Explore How the New Value Rule Applies to Your Chapter 11 Strategy
Wondering what is the new value rule in bankruptcy and how it affects your reorganization plan? Legal Brand Marketing connects business owners with experienced bankruptcy attorneys who understand Chapter 11 intricacies. Our partners can help you assess whether a new value contribution is needed—and how to structure one that protects your interests.
You can also Contact us to learn more about how our legal marketing services can help you find trusted representation and navigate the bankruptcy process with clarity.
Frequently Asked Questions (FAQs)
1. Can individuals use the new value rule, or is it only for businesses?
While the new value rule most commonly applies to business entities in Chapter 11, it can also apply to high-asset individuals filing under Chapter 11 who seek to retain control of valuable assets.
2. Does new value have to be in the form of cash?
No, the contribution can be in the form of money or money’s worth—including physical assets, equipment, or other tangible resources. However, it must be measurable and beneficial to the reorganization.
3. How do courts determine if the new value contribution is substantial enough?
Courts assess whether the contribution is meaningful in relation to the business’s operations and debt load. There is no fixed dollar amount—it depends on the context and case specifics.
4. Can a new value contribution be rejected by creditors?
Yes. If creditors believe the contribution is insufficient or unfair, they can object. The court ultimately decides whether the new value contribution justifies ownership retention.
5. What role does a bankruptcy attorney play in applying the new value rule?
A bankruptcy attorney helps structure the reorganization plan, assess the fairness of the contribution, and defend its necessity and value in court if creditors challenge it.
Key Takeaways
- The new value rule allows owners to retain equity in Chapter 11 by contributing new and substantial value to the business.

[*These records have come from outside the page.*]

(* Let $F$ be a complete, algebraically closed non-Archimedean valued field with absolute value $|\cdot|$, and let $f=\sum_j f_jX^j\in F[[X,X^{-1}]]$ be a non-zero Laurent series with $|f_j|\to0$ as $|j|\to\infty$. Let $k_1,k_2\in\mathbb{Z}$, not both zero, and let $B\in\mathbb{Z}_{>0}$ with $|k_1|,|k_2|\le B$. Then for any $b\in F$ with $|b|=1$, the Laurent series $$a(X):=f(X^{k_1})-bX^{k_2}$$ is either identically zero or has at most $c_fB$ zeroes (counted with multiplicity) of absolute value $1$ in $F$, where the constant $c_f$ is defined as follows: (i) if $|f|_1>1$, then $c_f=K(f,1)-k(f,1)$; (ii) if $|f|_1<1$, then $c_f=0$; (iii) if $|f|_1=1$ and $K(f,1)\neq k(f,1)$, then $c_f=2\max(|K(f,1)|,|k(f,1)|)$; (iv) if $|f|_1=1$ and $K(f,1)=k(f,1)$, then $c_f=2\max(|K(f,1)|,1)$ if $\tilde f=0$, and $c_f=2\max(|K(f,1)|,|K(\tilde f,1)|,|k(\tilde f,1)|,1)$ otherwise, where $\tilde f:=\sum_{j\neq k(f,1)} f_jX^j$.
   Context: For a Laurent series $g=\sum_n g_nX^n$ with $|g_n|\to 0$ as $|n|\to\infty$, define $|g|_1:=\sup_{n}|g_n|$, $K(g,1):=\sup\{n\in\mathbb{Z}: |g_n|=|g|_1\}$ and $k(g,1):=\inf\{n\in\mathbb{Z}: |g_n|=|g|_1\}$ (the largest and smallest index of a coefficient of maximal absolute value). *)

theory Defs
  imports Complex_Main "HOL-Computational_Algebra.Polynomial"
begin

definition nonarch_abs :: "('a::field \<Rightarrow> real) \<Rightarrow> bool" where
  "nonarch_abs av \<longleftrightarrow>
     (\<forall>x. av x \<ge> 0) \<and> (\<forall>x. av x = 0 \<longleftrightarrow> x = 0) \<and>
     (\<forall>x y. av (x * y) = av x * av y) \<and>
     (\<forall>x y. av (x + y) \<le> max (av x) (av y))"

definition av_conv :: "('a::field \<Rightarrow> real) \<Rightarrow> (nat \<Rightarrow> 'a) \<Rightarrow> 'a \<Rightarrow> bool" where
  "av_conv av s L \<longleftrightarrow> (\<lambda>n. av (s n - L)) \<longlonglongrightarrow> 0"

definition av_cauchy :: "('a::field \<Rightarrow> real) \<Rightarrow> (nat \<Rightarrow> 'a) \<Rightarrow> bool" where
  "av_cauchy av s \<longleftrightarrow> (\<forall>e>0. \<exists>N. \<forall>m\<ge>N. \<forall>n\<ge>N. av (s m - s n) < e)"

definition av_complete :: "('a::field \<Rightarrow> real) \<Rightarrow> bool" where
  "av_complete av \<longleftrightarrow> (\<forall>s. av_cauchy av s \<longrightarrow> (\<exists>L. av_conv av s L))"

definition alg_closed_field :: "'a::field itself \<Rightarrow> bool" where
  "alg_closed_field _ \<longleftrightarrow> (\<forall>p :: 'a poly. degree p \<ge> 1 \<longrightarrow> (\<exists>x. poly p x = 0))"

This helps ensure fairness when creditors aren’t paid in full. - New value must be tangible, measurable, and necessary for the continued success of the business.

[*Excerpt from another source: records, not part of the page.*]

(* Let $(X,d)$ be a compact metric space, $\mathbb{F}=\{f_n:n\in\mathbb{N}\}$ a sequence of continuous surjective self-maps of $X$, and $k\in\mathbb{N}$. If $(X,\mathbb{F})$ is sensitive then $(X,\mathbb{F}_k)$ is sensitive. If the family $\mathbb{F}$ is feeble open, then $(X,\mathbb{F}_k)$ sensitive implies $(X,\mathbb{F})$ sensitive.
   Context: Write $\omega_n=f_n\circ\cdots\circ f_1$ and, for $n>k$, $\omega^k_n=f_n\circ\cdots\circ f_{k+1}$; $\mathbb{F}_k=\{f_n:n\ge k+1\}$ is the truncated family. $(X,\mathbb{F})$ is sensitive if there is $\delta>0$ such that for every $x\in X$ and every neighborhood $U$ of $x$ there is $n\in\mathbb{N}$ with $\mathrm{diam}(\omega_n(U))>\delta$; $(X,\mathbb{F}_k)$ is sensitive if the same holds with $\omega^k_n$ ($n>k$). $\mathbb{F}$ is feeble open if for every non-empty open $U$ and every $f\in\mathbb{F}$, $f(U)$ has non-empty interior. *)

theory Defs
  imports "HOL-Analysis.Analysis"
begin

text \<open>The family is indexed by positive naturals: f 1, f 2, ... (the value f 0 is ignored).
  omega_from f k n = f n o ... o f (k+1) for n > k (identity for n \<le> k);
  so omega_from f 0 n is the paper's omega_n.\<close>

fun omega_from :: "(nat \<Rightarrow> 'a \<Rightarrow> 'a) \<Rightarrow> nat \<Rightarrow> nat \<Rightarrow> 'a \<Rightarrow> 'a" where
  "omega_from f k 0 = id"
| "omega_from f k (Suc n) = (if Suc n \<le> k then id else f (Suc n) \<circ> omega_from f k n)"

definition nbhd_in :: "'a::metric_space set \<Rightarrow> 'a \<Rightarrow> 'a set \<Rightarrow> bool" where
  "nbhd_in X x U \<longleftrightarrow> U \<subseteq> X \<and> (\<exists>V. openin (top_of_set X) V \<and> x \<in> V \<and> V \<subseteq> U)"

text \<open>Sensitivity of the truncated family F_k = {f n : n \<ge> k+1}; F_0 is F itself.\<close>
definition sensitive_from :: "'a::metric_space set \<Rightarrow> (nat \<Rightarrow> 'a \<Rightarrow> 'a) \<Rightarrow> nat \<Rightarrow> bool" where
  "sensitive_from X f k \<longleftrightarrow>
     (\<exists>\<delta>>0. \<forall>x\<in>X. \<forall>U. nbhd_in X x U \<longrightarrow>
        (\<exists>n>k. diameter (omega_from f k n ` U) > \<delta>))"

definition feeble_open :: "'a::metric_space set \<Rightarrow> (nat \<Rightarrow> 'a \<Rightarrow> 'a) \<Rightarrow> bool" where
  "feeble_open X f \<longleftrightarrow>
     (\<forall>U n. openin (top_of_set X) U \<and> U \<noteq> {} \<and> n \<ge> 1 \<longrightarrow>
        (\<exists>W. openin (top_of_set X) W \<and> W \<noteq> {} \<and> W \<subseteq> f n ` U))"

end

theory Submission
  imports Defs
begin

text \<open>Write \<open>\<omega>\<^sub>j\<^sub>n\<close> for \<open>omega_from f j n\<close>, so that \<open>\<omega>\<^sub>0\<^sub>n = \<omega>\<^sub>k\<^sub>n \<circ> \<omega>\<^sub>0\<^sub>k\<close> for \<open>n \<ge> k\<close>.
  If \<open>\<F>\<close> is sensitive with constant \<open>\<delta>\<close>, take \<open>x = \<omega>\<^sub>0\<^sub>k z\<close> by surjectivity; by continuity
  of the finitely many maps \<open>\<omega>\<^sub>0\<^sub>j\<close> (\<open>j \<le> k\<close>) a small neighbourhood of \<open>z\<close> inside
  \<open>\<omega>\<^sub>0\<^sub>k\<^sup>-\<^sup>1 U\<close> is not expanded beyond \<open>\<delta>\<close> before time \<open>k\<close>, so its expansion happens at
  some \<open>n > k\<close> and lies inside \<open>\<omega>\<^sub>k\<^sub>n U\<close>. Conversely, feeble openness makes \<open>\<omega>\<^sub>0\<^sub>k U\<close>
  contain a nonempty open set, whose expansion under \<open>\<F>\<^sub>k\<close> lies inside \<open>\<omega>\<^sub>0\<^sub>n U\<close>.\<close>

lemma omega_from_split:
  assumes "j \<le> k" "k \<le> n"
  shows "omega_from f j n = omega_from f k n \<circ> omega_from f j k"
  using assms(2)
proof (induction n)
  case 0
  then show ?case by simp
next
  case (Suc n)
  show ?case
  proof (cases "k = Suc n")
    case True
    then show ?thesis by simp
  next
    case False
    with Suc.prems have "k \<le> n" by simp
    with Suc.IH False Suc.prems assms(1) show ?thesis by (auto simp: fun_eq_iff)
  qed
qed

lemma omega_from_image_subset:
  assumes "\<And>n. n \<ge> 1 \<Longrightarrow> f n ` X \<subseteq> X"
  shows "omega_from f k n ` X \<subseteq> X"
proof (induction n)
  case (Suc n)
  have "omega_from f k (Suc n) ` X = (if Suc n \<le> k then X else f (Suc n) ` omega_from f k n ` X)"
    by (simp add: image_image)
  also have "\<dots> \<subseteq> X"
    using order_trans[OF image_mono[OF Suc] assms[of "Suc n"]] by simp
  finally show ?case .
qed simp

lemma omega_from_image_eq:
  assumes "\<And>n. n \<ge> 1 \<Longrightarrow> f n ` X = X"
  shows "omega_from f k n ` X = X"
proof (induction n)
  case (Suc n)
  have "omega_from f k (Suc n) ` X = (if Suc n \<le> k then X else f (Suc n) ` omega_from f k n ` X)"
    by (simp add: image_image)
  with Suc assms[of "Suc n"] show ?case by simp
qed simp

lemma continuous_on_omega_from:
  assumes "\<And>n. n \<ge> 1 \<Longrightarrow> continuous_on X (f n)"
    and "\<And>n. n \<ge> 1 \<Longrightarrow> f n ` X \<subseteq> X"
  shows "continuous_on X (omega_from f k n)"
proof (induction n)
  case (Suc n)
  have "continuous_on X (f (Suc n) \<circ> omega_from f k n)"
    using Suc continuous_on_subset[OF assms(1) omega_from_image_subset[OF assms(2)]]
    by (intro continuous_on_compose) auto
  then show ?case by (simp add: continuous_on_id)
qed (simp add: continuous_on_id)

lemma bounded_omega_from_image:
  assumes "bounded X" "\<And>n. n \<ge> 1 \<Longrightarrow> f n ` X \<subseteq> X" "U \<subseteq> X"
  shows "bounded (omega_from f k n ` U)"
  using assms omega_from_image_subset[where f=f and X=X and k=k and n=n]
  by (meson bounded_subset image_mono order_trans)

lemma nbhd_in_openin:
  assumes "openin (top_of_set X) V" "x \<in> V"
  shows "nbhd_in X x V"
  using assms openin_imp_subset unfolding nbhd_in_def by blast

lemma diameter_le_twice_radius:
  fixes S :: "'a::metric_space set"
  assumes "\<And>y. y \<in> S \<Longrightarrow> dist y c \<le> r" "0 \<le> r"
  shows "diameter S \<le> 2 * r"
proof (rule ccontr)
  assume "\<not> diameter S \<le> 2 * r"
  moreover have "bounded S"
    using assms(1) by (intro bounded_subset[OF bounded_cball, of _ c r]) (auto simp: dist_commute)
  ultimately obtain a b where ab: "a \<in> S" "b \<in> S" "dist a b > (2 * r + diameter S) / 2"
    using diameter_lower_bounded[of S "(2 * r + diameter S) / 2"] assms(2) by auto
  moreover have "dist a b \<le> dist a c + dist b c" by (rule dist_triangle2)
  ultimately show False
    using assms(1)[OF ab(1)] assms(1)[OF ab(2)] \<open>\<not> diameter S \<le> 2 * r\<close> by argo
qed

lemma continuous_on_finite_family_dist_less:
  assumes "finite J" "\<And>j. j \<in> J \<Longrightarrow> continuous_on X (g j)" "z \<in> X" "\<epsilon> > 0"
  obtains e where "e > 0"
    "\<And>y j. y \<in> X \<Longrightarrow> dist y z < e \<Longrightarrow> j \<in> J \<Longrightarrow> dist (g j y) (g j z) < \<epsilon>"
proof -
  have "eventually (\<lambda>y. \<forall>j\<in>J. dist (g j y) (g j z) < \<epsilon>) (at z within X)"
  proof (rule eventually_ball_finite[OF assms(1)], intro ballI)
    fix j assume "j \<in> J"
    then have "(g j \<longlongrightarrow> g j z) (at z within X)"
      using assms(2,3) continuous_on_def by blast
    then show "eventually (\<lambda>y. dist (g j y) (g j z) < \<epsilon>) (at z within X)"
      using assms(4) by (rule tendstoD)
  qed
  then obtain e where "e > 0" and close:
    "\<And>y. y \<in> X \<Longrightarrow> y \<noteq> z \<Longrightarrow> dist y z < e \<Longrightarrow> \<forall>j\<in>J. dist (g j y) (g j z) < \<epsilon>"
    unfolding eventually_at by blast
  show ?thesis
  proof (rule that[OF \<open>e > 0\<close>])
    fix y j assume "y \<in> X" "dist y z < e" "j \<in> J"
    with close assms(4) show "dist (g j y) (g j z) < \<epsilon>" by (cases "y = z") auto
  qed
qed

lemma nbhd_with_small_initial_images:
  assumes "\<And>n. n \<ge> 1 \<Longrightarrow> continuous_on X (f n)" "\<And>n. n \<ge> 1 \<Longrightarrow> f n ` X \<subseteq> X"
    and "z \<in> X" "\<delta> > 0"
  obtains V where "openin (top_of_set X) V" "z \<in> V"
    "\<And>j S. j \<le> k \<Longrightarrow> S \<subseteq> V \<Longrightarrow> diameter (omega_from f 0 j ` S) \<le> \<delta>"
proof -
  obtain e where "e > 0" and close:
    "\<And>y j. y \<in> X \<Longrightarrow> dist y z < e \<Longrightarrow> j \<in> {..k} \<Longrightarrow>
       dist (omega_from f 0 j y) (omega_from f 0 j z) < \<delta> / 2"
    by (rule continuous_on_finite_family_dist_less[of "{..k}" X "omega_from f 0" z "\<delta> / 2"])
      (use continuous_on_omega_from[OF assms(1,2)] assms(3,4) in auto)
  show ?thesis
  proof (rule that)
    show "openin (top_of_set X) (X \<inter> ball z e)" by (simp add: openin_open_Int)
    show "z \<in> X \<inter> ball z e" using assms(3) \<open>e > 0\<close> by simp
    fix j S assume "j \<le> k" "S \<subseteq> X \<inter> ball z e"
    have "dist y (omega_from f 0 j z) \<le> \<delta> / 2" if y: "y \<in> omega_from f 0 j ` S" for y
    proof -
      obtain x where "x \<in> S" "y = omega_from f 0 j x" using y by blast
      moreover have "x \<in> X" "dist x z < e"
        using \<open>x \<in> S\<close> \<open>S \<subseteq> X \<inter> ball z e\<close> by (auto simp: dist_commute)
      ultimately have "dist y (omega_from f 0 j z) < \<delta> / 2"
        using close \<open>j \<le> k\<close> by simp
      then show ?thesis by (rule less_imp_le)
    qed
    then have "diameter (omega_from f 0 j ` S) \<le> 2 * (\<delta> / 2)"
      using assms(4) by (intro diameter_le_twice_radius) auto
    then show "diameter (omega_from f 0 j ` S) \<le> \<delta>" by simp
  qed
qed

lemma feeble_openD:
  assumes "feeble_open X f" "openin (top_of_set X) U" "U \<noteq> {}" "n \<ge> 1"
  obtains W where "openin (top_of_set X) W" "W \<noteq> {}" "W \<subseteq> f n ` U"
  using assms(1)[unfolded feeble_open_def, rule_format, of U n] assms(2-4) that by blast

It can’t be symbolic or come from existing assets. - The rule originates from the 1939 Supreme Court case Case v. Los Angeles Lumber Products,
which established that owners must make a meaningful contribution to keep their interest during bankruptcy. - The new value rule is typically applied in contested cases where creditors object to owners retaining control.
It becomes a negotiation point and court consideration in those scenarios. - Business owners should consult a bankruptcy attorney to evaluate whether the new value rule applies to their Chapter 11 strategy.
Professional guidance helps align the contribution with legal standards and maximize plan approval chances.